La réaction collective face à une tragédie nationale peut éveiller la capacité universelle de compassion de la nature humaine. À ce moment-là, nous sommes capables de voir la vie avec du recul. Les vraies valeurs supplantent les fausses. L’impatience et l’intolérance que la peur fait naître entre les peuples se dissipent et, dans ces moments de grâce, nous nous traitons mutuellement avec sympathie et respect. Le Royaume, diraient les chrétiens, est proche. Son intériorité s’est manifestée dans les relations humaines. Mais nous savons, hélas, que de tels instants de paix ne durent guère… L’un des sens que l’on peut trouver à la souffrance et au mal est qu’ils nous plongent, ne serait-ce qu’un instant, dans la conscience partagée de la réalité de la communion. Nous voyons que le Royaume […] n’est pas quelque chose qu’on peut produire et consommer, mais qu’il est le fondement intemporel et illimité de l’être.
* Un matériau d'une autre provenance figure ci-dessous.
lemma sectorial_form_cauchy_schwarz:
  assumes a: "sesquilinear a" and "0 < \<tau>" and sector: "\<And>x. \<bar>Im (a x x)\<bar> \<le> \<tau> * Re (a x x)"
  shows "(cmod (a u v))\<^sup>2 \<le> (1 + \<tau>\<^sup>2) * (Re (a u u) * Re (a v v))"
proof -
  txt \<open>P and N are positive semidefinite Hermitian forms with diagonals tau Re a -+ Im a, and
    a = c P + conj c N with |c|^2 = (1 + tau^2) / (4 tau^2).\<close>
  define w where "w = complex_of_real \<tau> / 2 + \<i> / 2"
  define P where "P u v = w * a u v + cnj w * cnj (a v u)" for u v
  define N where "N u v = cnj w * a u v + cnj (cnj w) * cnj (a v u)" for u v
  define c where "c = 1 / (2 * \<tau>) - \<i>/2"
  have P_diag: "Re (P x x) = \<tau> * Re (a x x) - Im (a x x)"
    and N_diag: "Re (N x x) = \<tau> * Re (a x x) + Im (a x x)" for x
    by (simp_all add: P_def N_def w_def)
  have psd: "0 \<le> Re (P x x)" "0 \<le> Re (N x x)" for x
    using sector[of x] by (simp_all add: P_diag N_diag abs_le_iff)
  have P_cs: "(cmod (P u v))\<^sup>2 \<le> Re (P u u) * Re (P v v)"
    and N_cs: "(cmod (N u v))\<^sup>2 \<le> Re (N u u) * Re (N v v)" for u v
    unfolding P_def N_def
    by (rule hermitian_combination_cauchy_schwarz[OF a psd(1)[unfolded P_def]],
        rule hermitian_combination_cauchy_schwarz[OF a psd(2)[unfolded N_def]])
  have c_norm: "(cmod c)\<^sup>2 = (1 + \<tau>\<^sup>2) / (4 * \<tau>\<^sup>2)"
    unfolding c_def cmod_power2 using \<open>0 < \<tau>\<close> by (simp add: field_simps power2_eq_square)
  have "a u v = c * P u v + cnj c * N u v"
    using \<open>0 < \<tau>\<close> by (simp add: P_def N_def w_def c_def field_simps complex_eq_iff)
  then have "cmod (a u v) \<le> cmod c * (cmod (P u v) + cmod (N u v))"
    using norm_triangle_ineq[of "c * P u v" "cnj c * N u v"] by (simp add: norm_mult distrib_left)
  then have "(cmod (a u v))\<^sup>2 \<le> (cmod c)\<^sup>2 * (cmod (P u v) + cmod (N u v))\<^sup>2"
    by (simp add: power_mono power_mult_distrib flip: power_mult_distrib)
  also have "\<dots> \<le> (cmod c)\<^sup>2 * ((Re (P u u) + Re (N u u)) * (Re (P v v) + Re (N v v)))"
    using sector[of u] sector[of v]
    by (intro mult_left_mono power2_add_le_mult_add P_cs N_cs) (auto simp: P_diag N_diag)
  also have "\<dots> = ((cmod c)\<^sup>2 * (4 * \<tau>\<^sup>2)) * (Re (a u u) * Re (a v v))"
    by (simp add: P_diag N_diag power2_eq_square algebra_simps)
  also have "(cmod c)\<^sup>2 * (4 * \<tau>\<^sup>2) = 1 + \<tau>\<^sup>2"
    using \<open>0 < \<tau>\<close> by (simp add: c_norm)
  finally show ?thesis .
qed
lemma quota_opt_le_card_remaining:
  assumes G: "connected_graph V E" and "r \<in> V" and fp: "feasible_pattern V E r w \<sigma>"
    and N: "\<And>v. v \<in> Vstar V w \<Longrightarrow> latency len r \<sigma> v \<le> N" and "0 \<le> \<theta>"
  shows "quota_opt V E r len w (real (\<Sum>v\<in>V. w v) - \<theta>)
    \<le> card {t. t < N \<and> \<theta> < real (remaining_weight V w len r \<sigma> t)}"
proof -
  let ?L = "latency len r \<sigma>"
  define R where "R t = real (remaining_weight V w len r \<sigma> t)" for t
  define \<tau> where "\<tau> = card {t. t < N \<and> \<theta> < R t}"
  have "finite V"
    using G by (simp add: connected_graph_def graph_def)
  hence fin: "finite (Vstar V w)"
    by (simp add: Vstar_def)
  have "antimono R"
    unfolding antimono_def R_def remaining_weight_def using fin by (auto intro!: sum_mono2)
  moreover have "{v. v \<in> Vstar V w \<and> N < ?L v} = {}"
    by (auto dest!: N)
  hence "R N \<le> \<theta>"
    using \<open>0 \<le> \<theta>\<close> by (simp only: R_def remaining_weight_def sum.empty of_nat_0)
  ultimately have "R \<tau> \<le> \<theta>"
    unfolding \<tau>_def by (rule antimono_card_less_le)
  have "(\<Sum>v\<in>V. w v) = (\<Sum>v\<in>Vstar V w \<inter> {v. ?L v \<le> \<tau>}. w v) + (\<Sum>v\<in>Vstar V w - {v. ?L v \<le> \<tau>}. w v)"
    using sum_Vstar[OF \<open>finite V\<close>] sum.Int_Diff[OF fin] by metis
  also have "Vstar V w \<inter> {v. ?L v \<le> \<tau>} = {v. v \<in> Vstar V w \<and> ?L v \<le> \<tau>}"
    by auto
  also have "Vstar V w - {v. ?L v \<le> \<tau>} = {v. v \<in> Vstar V w \<and> \<tau> < ?L v}"
    by auto
  finally have "real (\<Sum>v\<in>V. w v) - \<theta> \<le> real (\<Sum>v | v \<in> Vstar V w \<and> ?L v \<le> \<tau>. w v)"
    using \<open>R \<tau> \<le> \<theta>\<close> unfolding R_def remaining_weight_def by linarith
  thus ?thesis
    using quota_opt_le_latency[OF G \<open>r \<in> V\<close> fp] unfolding \<tau>_def R_def by blast
qed
(* Let $n\geq 4$ and let $\delta: VT_n\to\mathrm{GL}_{n+1}(\mathbb{C})$ be a homogeneous $3$-local representation of the virtual twin group $VT_n$. Then $\delta$ is reducible.
   Context: The virtual twin group $VT_n$ ($n\geq 2$) has generators $s_1,\dots,s_{n-1},\rho_1,\dots,\rho_{n-1}$ and defining relations: $s_i^2=1$ ($1\le i\le n-1$); $s_is_j=s_js_i$ ($|i-j|\ge2$); $\rho_i\rho_{i+1}\rho_i=\rho_{i+1}\rho_i\rho_{i+1}$ ($1\le i\le n-2$); $\rho_i\rho_j=\rho_j\rho_i$ ($|i-j|\ge2$); $\rho_i^2=1$; $s_i\rho_j=\rho_js_i$ ($|i-j|\ge2$); $\rho_i\rho_{i+1}s_i=s_{i+1}\rho_i\rho_{i+1}$ ($1\le i\le n-2$). A representation $\delta:VT_n\to\mathrm{GL}_{n+1}(\mathbb{C})$ is homogeneous $3$-local if there are fixed $M,N\in\mathrm{GL}_3(\mathbb{C})$ with $\delta(s_i)=\mathrm{diag}(I_{i-1},M,I_{n-i-1})$ and $\delta(\rho_i)=\mathrm{diag}(I_{i-1},N,I_{n-i-1})$ for all $1\le i\le n-1$ (block-diagonal, $I_r$ the $r\times r$ identity). Reducible means there is a subspace $0\neq U\neq\mathbb{C}^{n+1}$ invariant under all $\delta(g)$. *)

theory Defs
  imports "Jordan_Normal_Form.Matrix"
begin

text \<open>The block matrix diag(I_{i-1}, A, I_{n-i-1}) of size (n+1) x (n+1),
  for 1 <= i <= n-1 and a 3x3 matrix A; rows/columns are 0-based, so the
  block A occupies rows and columns i-1, i, i+1.\<close>
definition local_mat :: "nat \<Rightarrow> nat \<Rightarrow> complex mat \<Rightarrow> complex mat" where
  "local_mat n i A = mat (n+1) (n+1) (\<lambda>(r,c).
     if i - 1 \<le> r \<and> r \<le> i + 1 \<and> i - 1 \<le> c \<and> c \<le> i + 1
     then A $$ (r - (i - 1), c - (i - 1))
     else if r = c then 1 else 0)"

text \<open>delta(s_i) = local_mat n i M, delta(rho_i) = local_mat n i N, with M, N in GL_3(C).
  Such an assignment on generators defines a homomorphism on VT_n iff the images
  satisfy all defining relations of VT_n.\<close>
definition homog_3local_rep :: "nat \<Rightarrow> complex mat \<Rightarrow> complex mat \<Rightarrow> bool" where
  "homog_3local_rep n M N \<longleftrightarrow>
     M \<in> carrier_mat 3 3 \<and> N \<in> carrier_mat 3 3 \<and> invertible_mat M \<and> invertible_mat N \<and>
     (let S = (\<lambda>i. local_mat n i M); R = (\<lambda>i. local_mat n i N); I = 1\<^sub>m (n+1) in
       (\<forall>i\<in>{1..n-1}. S i * S i = I) \<and>
       (\<forall>i\<in>{1..n-1}. \<forall>j\<in>{1..n-1}. (i + 2 \<le> j \<or> j + 2 \<le> i) \<longrightarrow> S i * S j = S j * S i) \<and>
       (\<forall>i\<in>{1..n-2}. R i * R (i+1) * R i = R (i+1) * R i * R (i+1)) \<and>
       (\<forall>i\<in>{1..n-1}. \<forall>j\<in>{1..n-1}. (i + 2 \<le> j \<or> j + 2 \<le> i) \<longrightarrow> R i * R j = R j * R i) \<and>
       (\<forall>i\<in>{1..n-1}. R i * R i = I) \<and>
       (\<forall>i\<in>{1..n-1}. \<forall>j\<in>{1..n-1}. (i + 2 \<le> j \<or> j + 2 \<le> i) \<longrightarrow> S i * R j = R j * S i) \<and>
       (\<forall>i\<in>{1..n-2}. R i * R (i+1) * S i = S (i+1) * R i * R (i+1)))"

text \<open>The image delta(VT_n): all products of generator images. Since every
  generator of VT_n is an involution, this is the full image of the group.\<close>
inductive_set rep_image :: "nat \<Rightarrow> complex mat \<Rightarrow> complex mat \<Rightarrow> complex mat set"
  for n M N where
  one: "1\<^sub>m (n+1) \<in> rep_image n M N"
| gen_s: "A \<in> rep_image n M N \<Longrightarrow> 1 \<le> i \<Longrightarrow> i \<le> n - 1 \<Longrightarrow> A * local_mat n i M \<in> rep_image n M N"
| gen_rho: "A \<in> rep_image n M N \<Longrightarrow> 1 \<le> i \<Longrightarrow> i \<le> n - 1 \<Longrightarrow> A * local_mat n i N \<in> rep_image n M N"

definition is_subspace :: "nat \<Rightarrow> complex vec set \<Rightarrow> bool" where
  "is_subspace d U \<longleftrightarrow> U \<subseteq> carrier_vec d \<and> 0\<^sub>v d \<in> U \<and>
     (\<forall>u\<in>U. \<forall>v\<in>U. u + v \<in> U) \<and> (\<forall>a. \<forall>u\<in>U. a \<cdot>\<^sub>v u \<in> U)"

definition reducible_rep :: "nat \<Rightarrow> complex mat \<Rightarrow> complex mat \<Rightarrow> bool" where
  "reducible_rep n M N \<longleftrightarrow> (\<exists>U. is_subspace (n+1) U \<and> U \<noteq> {0\<^sub>v (n+1)} \<and> U \<noteq> carrier_vec (n+1) \<and>
     (\<forall>A\<in>rep_image n M N. \<forall>u\<in>U. A *\<^sub>v u \<in> U))"

end

theory Submission
  imports Defs
begin

text \<open>Since n \<ge> 4, the generators s1, s3, rho1, rho3 exist and commute pairwise, and
  the 3x3 blocks at positions 1 and 3 overlap in the single coordinate 2. Comparing entries
  of the commuting products gives A(a,2) B(0,b) = 0 for all A, B \<in> {M, N}, a \<in> {0,1} and
  b \<in> {1,2}. So either the last columns of M and N vanish above the diagonal, and then the
  last standard basis vector spans an invariant line, or the first rows of M and N vanish off
  the diagonal, and then the hyperplane x(0) = 0 is invariant.\<close>

lemma sum_eq_single:
  fixes f :: "nat \<Rightarrow> 'a::comm_monoid_add"
  assumes "k < m" and "\<And>j. j < m \<Longrightarrow> j \<noteq> k \<Longrightarrow> f j = 0"
  shows "sum f {0..<m} = f k"
  using sum.mono_neutral_left[of "{0..<m}" "{k}" f] assms by auto

lemma local_mat_carrier [simp]: "local_mat n i A \<in> carrier_mat (n+1) (n+1)"
  and dim_local_mat [simp]: "dim_row (local_mat n i A) = n+1" "dim_col (local_mat n i A) = n+1"
  by (simp_all add: local_mat_def)

lemma index_local_mat:
  "r < n+1 \<Longrightarrow> c < n+1 \<Longrightarrow> local_mat n i A $$ (r,c) =
     (if i - 1 \<le> r \<and> r \<le> i + 1 \<and> i - 1 \<le> c \<and> c \<le> i + 1
     then A $$ (r - (i - 1), c - (i - 1))
     else if r = c then 1 else 0)"
  by (simp add: local_mat_def)

lemma index_mult_local_mat:
  "r < n+1 \<Longrightarrow> c < n+1 \<Longrightarrow> (local_mat n i A * local_mat n j B) $$ (r,c) =
     (\<Sum>k\<in>{0..<n+1}. local_mat n i A $$ (r,k) * local_mat n j B $$ (k,c))"
  by (simp add: scalar_prod_def del: upt_Suc)

text \<open>The blocks at i and i + 2 share only the coordinate i + 1; entry (i - 1 + a, i + 1 + b) of
  the product in one order passes through it, in the other order it is zero.\<close>
lemma commuting_local_mats_overlap:
  assumes i: "1 \<le> i" "i + 2 \<le> n - 1" and a: "a \<le> 1" and b: "1 \<le> b" "b \<le> 2"
    and comm: "local_mat n i A * local_mat n (i+2) B = local_mat n (i+2) B * local_mat n i A"
  shows "A $$ (a,2) * B $$ (0,b) = 0"
proof -
  have r: "i - 1 + a < n+1" and c: "i + 1 + b < n+1" using i a b by auto
  have "(local_mat n i A * local_mat n (i+2) B) $$ (i - 1 + a, i + 1 + b)
      = local_mat n i A $$ (i - 1 + a, i + 1) * local_mat n (i+2) B $$ (i + 1, i + 1 + b)"
    unfolding index_mult_local_mat[OF r c]
    by (rule sum_eq_single) (use i a b in \<open>auto simp: index_local_mat\<close>)
  also have "\<dots> = A $$ (a,2) * B $$ (0,b)"
    using i a b by (auto simp: index_local_mat)
  finally have "(local_mat n i A * local_mat n (i+2) B) $$ (i - 1 + a, i + 1 + b)
      = A $$ (a,2) * B $$ (0,b)" .
  moreover have "(local_mat n (i+2) B * local_mat n i A) $$ (i - 1 + a, i + 1 + b) = 0"
    unfolding index_mult_local_mat[OF r c]
    by (rule sum.neutral) (use i a b in \<open>auto simp: index_local_mat\<close>)
  ultimately show ?thesis using comm by simp
qed

lemma local_mat_last_col_zero:
  assumes i: "1 \<le> i" "i \<le> n - 1" and r: "r < n"
    and X: "X $$ (0,2) = 0" "X $$ (1,2) = 0"
  shows "local_mat n i X $$ (r,n) = 0"
proof (cases "i = n - 1 \<and> n - 2 \<le> r")
  case True
  then have "r - (i - 1) \<in> {0,1}" and "n - (i - 1) = 2" using i r by auto
  then show ?thesis using True r X by (auto simp: index_local_mat)
qed (use i r in \<open>auto simp: index_local_mat\<close>)

lemma local_mat_first_row_zero:
  assumes c: "0 < c" "c < n+1" and X: "X $$ (0,1) = 0" "X $$ (0,2) = 0"
  shows "local_mat n i X $$ (0,c) = 0"
proof (cases "i \<le> 1 \<and> c \<le> 2")
  case True
  then have "c - (i - 1) \<in> {1,2}" using c by auto
  then show ?thesis using True c X by (auto simp: index_local_mat)
qed (use c in \<open>auto simp: index_local_mat\<close>)

definition zero_coords_subspace :: "nat \<Rightarrow> nat set \<Rightarrow> complex vec set" where
  "zero_coords_subspace d K = {v \<in> carrier_vec d. \<forall>k<d. k \<in> K \<longrightarrow> v $ k = 0}"

lemma is_subspace_zero_coords_subspace: "is_subspace d (zero_coords_subspace d K)"
  unfolding is_subspace_def zero_coords_subspace_def by auto

lemma zero_coords_subspace_nonzero:
  assumes "j < d" "j \<notin> K"
  shows "zero_coords_subspace d K \<noteq> {0\<^sub>v d}"
proof -
  have "unit_vec d j \<in> zero_coords_subspace d K"
    using assms by (auto simp: zero_coords_subspace_def)
  then show ?thesis using unit_vec_nonzero[OF assms(1)] by blast
qed

lemma zero_coords_subspace_proper:
  assumes "k < d" "k \<in> K"
  shows "zero_coords_subspace d K \<noteq> carrier_vec d"
proof -
  have "unit_vec d k \<notin> zero_coords_subspace d K"
    using assms by (auto simp: zero_coords_subspace_def)
  then show ?thesis using unit_vec_carrier by blast
qed

lemma mult_mat_vec_zero_coords_subspace:
  assumes A: "A \<in> carrier_mat d d"
    and block: "\<And>r c. r < d \<Longrightarrow> r \<in> K \<Longrightarrow> c < d \<Longrightarrow> c \<notin> K \<Longrightarrow> A $$ (r,c) = 0"
    and v: "v \<in> zero_coords_subspace d K"
  shows "A *\<^sub>v v \<in> zero_coords_subspace d K"
proof -
  have vc: "v \<in> carrier_vec d" and vK: "\<And>k. k < d \<Longrightarrow> k \<in> K \<Longrightarrow> v $ k = 0"
    using v by (auto simp: zero_coords_subspace_def)
  have "(A *\<^sub>v v) $ r = 0" if "r \<in> K" "r < d" for r
  proof -
    have "(A *\<^sub>v v) $ r = (\<Sum>c\<in>{0..<d}. A $$ (r,c) * v $ c)"
      using A vc that by (simp add: scalar_prod_def del: upt_Suc)
    also have "\<dots> = 0"
      using block vK that by (intro sum.neutral) (metis atLeastLessThan_iff mult_eq_0_iff)
    finally show ?thesis .
  qed
  moreover have "A *\<^sub>v v \<in> carrier_vec d" using A vc by simp
  ultimately show ?thesis by (simp add: zero_coords_subspace_def)
qed

lemma rep_image_carrier: "A \<in> rep_image n M N \<Longrightarrow> A \<in> carrier_mat (n+1) (n+1)"
  by (induction rule: rep_image.induct) auto

lemma rep_image_preserves:
  assumes "A \<in> rep_image n M N" and "u \<in> U" and U: "U \<subseteq> carrier_vec (n+1)"
    and gens: "\<And>i X u. 1 \<le> i \<Longrightarrow> i \<le> n - 1 \<Longrightarrow> X \<in> {M,N} \<Longrightarrow> u \<in> U \<Longrightarrow>
      local_mat n i X *\<^sub>v u \<in> U"
  shows "A *\<^sub>v u \<in> U"
  using assms(1,2)
proof (induction arbitrary: u rule: rep_image.induct)
  case one
  then show ?case using U by auto
next
  case (gen_s A i)
  then have "A * local_mat n i M *\<^sub>v u = A *\<^sub>v (local_mat n i M *\<^sub>v u)"
    using rep_image_carrier[OF gen_s.hyps(1)] U by (intro assoc_mult_mat_vec) auto
  then show ?case using gen_s gens by simp
next
  case (gen_rho A i)
  then have "A * local_mat n i N *\<^sub>v u = A *\<^sub>v (local_mat n i N *\<^sub>v u)"
    using rep_image_carrier[OF gen_rho.hyps(1)] U by (intro assoc_mult_mat_vec) auto
  then show ?case using gen_rho gens by simp
qed

lemma homog_3local_rep_far_commute:
  assumes "homog_3local_rep n M N" and "X \<in> {M,N}" "Y \<in> {M,N}"
    and "1 \<le> i" "i + 2 \<le> j" "j \<le> n - 1"
  shows "local_mat n i X * local_mat n j Y = local_mat n j Y * local_mat n i X"
proof -
  have ij: "i \<in> {1..n-1}" "j \<in> {1..n-1}" "i + 2 \<le> j" using assms(4-6) by auto
  have "local_mat n i M * local_mat n j M = local_mat n j M * local_mat n i M"
    and "local_mat n i N * local_mat n j N = local_mat n j N * local_mat n i N"
    and "local_mat n i M * local_mat n j N = local_mat n j N * local_mat n i M"
    and "local_mat n j M * local_mat n i N = local_mat n i N * local_mat n j M"
    using assms(1) ij unfolding homog_3local_rep_def Let_def by (elim conjE; blast)+
  then show ?thesis using assms(2,3) by auto
qed

lemma reducible_rep_if_zero_coords_invariant:
  assumes "k < n+1" "k \<in> K" "j < n+1" "j \<notin> K"
    and block: "\<And>i X r c. 1 \<le> i \<Longrightarrow> i \<le> n - 1 \<Longrightarrow> X \<in> {M,N} \<Longrightarrow> r < n+1 \<Longrightarrow> r \<in> K \<Longrightarrow>
      c < n+1 \<Longrightarrow> c \<notin> K \<Longrightarrow> local_mat n i X $$ (r,c) = 0"
  shows "reducible_rep n M N"
  unfolding reducible_rep_def
proof (intro exI conjI ballI)
  let ?U = "zero_coords_subspace (n+1) K"
  show "is_subspace (n+1) ?U" "?U \<noteq> {0\<^sub>v (n+1)}" "?U \<noteq> carrier_vec (n+1)"
    using assms is_subspace_zero_coords_subspace zero_coords_subspace_nonzero
      zero_coords_subspace_proper by auto
  show "A *\<^sub>v u \<in> ?U" if "A \<in> rep_image n M N" "u \<in> ?U" for A u
    using that
  proof (rule rep_image_preserves)
    show "?U \<subseteq> carrier_vec (n+1)" by (auto simp: zero_coords_subspace_def)
    show "local_mat n i X *\<^sub>v v \<in> ?U" if "1 \<le> i" "i \<le> n - 1" "X \<in> {M,N}" "v \<in> ?U" for i X v
      by (rule mult_mat_vec_zero_coords_subspace[OF local_mat_carrier _ that(4)])
        (use that block in auto)
  qed
qed

theorem theorem4p3:
  fixes n :: nat and M N :: "complex mat"
  assumes "n \<ge> 4" and "homog_3local_rep n M N"
  shows "reducible_rep n M N"
proof -
  have overlap: "A $$ (a,2) * B $$ (0,b) = 0"
    if "A \<in> {M,N}" "B \<in> {M,N}" "a \<le> 1" "1 \<le> b" "b \<le> 2" for A B a b
    using assms that
    by (intro commuting_local_mats_overlap[of 1 n a b A B] homog_3local_rep_far_commute) auto
  show ?thesis
  proof (cases "\<forall>X\<in>{M,N}. X $$ (0,2) = 0 \<and> X $$ (1,2) = 0")
    case True
    show ?thesis
      by (rule reducible_rep_if_zero_coords_invariant[of 0 n "{0..<n}" n])
        (use assms(1) True in \<open>auto simp: less_Suc_eq intro!: local_mat_last_col_zero\<close>)
  next
    case False
    then obtain A a where "A \<in> {M,N}" "a \<le> 1" "A $$ (a,2) \<noteq> 0"
      by (meson order_refl zero_le)
    then have "X $$ (0,1) = 0 \<and> X $$ (0,2) = 0" if "X \<in> {M,N}" for X
      using overlap[of A X a] that by auto
    then show ?thesis
      by (intro reducible_rep_if_zero_coords_invariant[of 0 n "{0}" 1])
        (use assms(1) local_mat_first_row_zero in auto)
  qed
qed

end
(* $\mathfrak{L}(SL(2,\mathbb{Z})) \subsetneq \mathfrak{L}(SL(2,\mathbb{Q}))$.
   Context: For a group $G$ with identity $e$, a $G$-automaton is a tuple $(Q,\Sigma,G,\delta,q_0,Q_a)$ where $Q$ is a finite set of states, $\Sigma$ a finite input alphabet, $q_0\in Q$ the initial state, $Q_a\subseteq Q$ the accepting states, and $\delta$ assigns to each $(q,\sigma)\in Q\times(\Sigma\cup\{\varepsilon\})$ a finite set of pairs $(q',m)\in Q\times G$. The register holds an element of $G$, initially $e$; using a transition $(q',m)\in\delta(q,\sigma)$ the automaton reads $\sigma$ (or nothing), moves to $q'$ and replaces the register content $x$ by $xm$. A word is accepted if some computation reads it entirely and ends in an accepting state with register equal to $e$. $\mathfrak{L}(G)$ is the class of languages recognized by $G$-automata. $SL(2,\mathbb{Z})$ (resp. $SL(2,\mathbb{Q})$) is the group of $2\times2$ matrices with integer (resp. rational) entries and determinant $1$. *)

theory Defs
  imports Complex_Main "HOL-Algebra.Group"
begin

text \<open>2x2 matrices are represented as quadruples (a,b,c,d) standing for [[a,b],[c,d]].
  SL(2,R) is the group of such matrices of determinant 1, as a HOL-Algebra monoid record.\<close>

definition SL2 :: "('r::comm_ring_1 \<times> 'r \<times> 'r \<times> 'r) monoid" where
  "SL2 = \<lparr> carrier = {(a,b,c,d). a*d - b*c = 1},
           mult = (\<lambda>(a,b,c,d) (e,f,g,h). (a*e + b*g, a*f + b*h, c*e + d*g, c*f + d*h)),
           one = (1,0,0,1) \<rparr>"
lemma nonwandering_chain_path:
  assumes "(nonwandering_step X f g)\<^sup>*\<^sup>* x y" "x \<noteq> y"
  obtains c m where "c 0 = x" "c m = y" "\<And>j. j \<le> m \<Longrightarrow> c j \<in> \<Omega>"
    "\<And>j. j < m \<Longrightarrow> orbit_close f g (c j) (c (Suc j))"
proof -
  obtain c m where c: "c 0 = x" "c m = y" "\<And>j. j < m \<Longrightarrow> nonwandering_step X f g (c j) (c (Suc j))"
    using rtranclp_imp_path[OF assms(1)] by blast
  have "c j \<in> \<Omega>" if "j \<le> m" for j
  proof (cases "j < m")
    case True
    then show ?thesis
      using c(3) unfolding nonwandering_step_def by blast
  next
    case False
    then show ?thesis
      using that c(2) nonwandering_chain_endpoints[OF assms] by simp
  qed
  then show ?thesis
    using that c unfolding nonwandering_step_def by blast
qed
Si tant est que nous n’ayons pas perdu notre sensibilité à la souffrance, un malheur tragique nous fait percevoir non seulement combien Dieu est loin mais aussi combien Il est proche de nous.
Après la méditation
Lacy M. Johnson, professeure adjointe d’anglais, Rice University, Houston, TX. Mise à jour Harvey pour la famille et les amis, édition du mercredi soir, 30 août 2017, publication Facebook.
L’eau détruit tout ce qu’elle touche : elle creuse des canyons dans les déserts, elle engloutit des personnes, de la glace, des villes entières et des continents. Elle détruit aussi les choses triviales que nous vénérons toute notre vie : nos maisons, nos rues, notre fierté, nos temples de bigoterie et de cupidité. J’ai entendu l’histoire d’un homme qui avait fui son quartier inondé, mais qui avait ramé pour revenir en kayak sauver une personne ou une chose de plus, et qui avait chaviré dans le courant. Il avait disparu toute la nuit et au matin, on l’avait retrouvé accroché à un arbre. Une adolescente a été emportée par le courant du bayou et s’est accrochée à la grille d’un pont jusqu’à ce que les sauveteurs la trouvent au matin. Un bébé a été arraché à sa mère par le courant et le courant a offert cette toute nouvelle vie à la mer agitée.
Mais l’eau lave aussi, donne la vie, renouvelle. L’eau a détruit cette ville, il n’y a pas à dire, mais l’effusion d’amour dont je suis témoin ici, parmi mes voisins et les étrangers, et qui nous vient du monde entier, est la plus belle chose que j’aie jamais vue.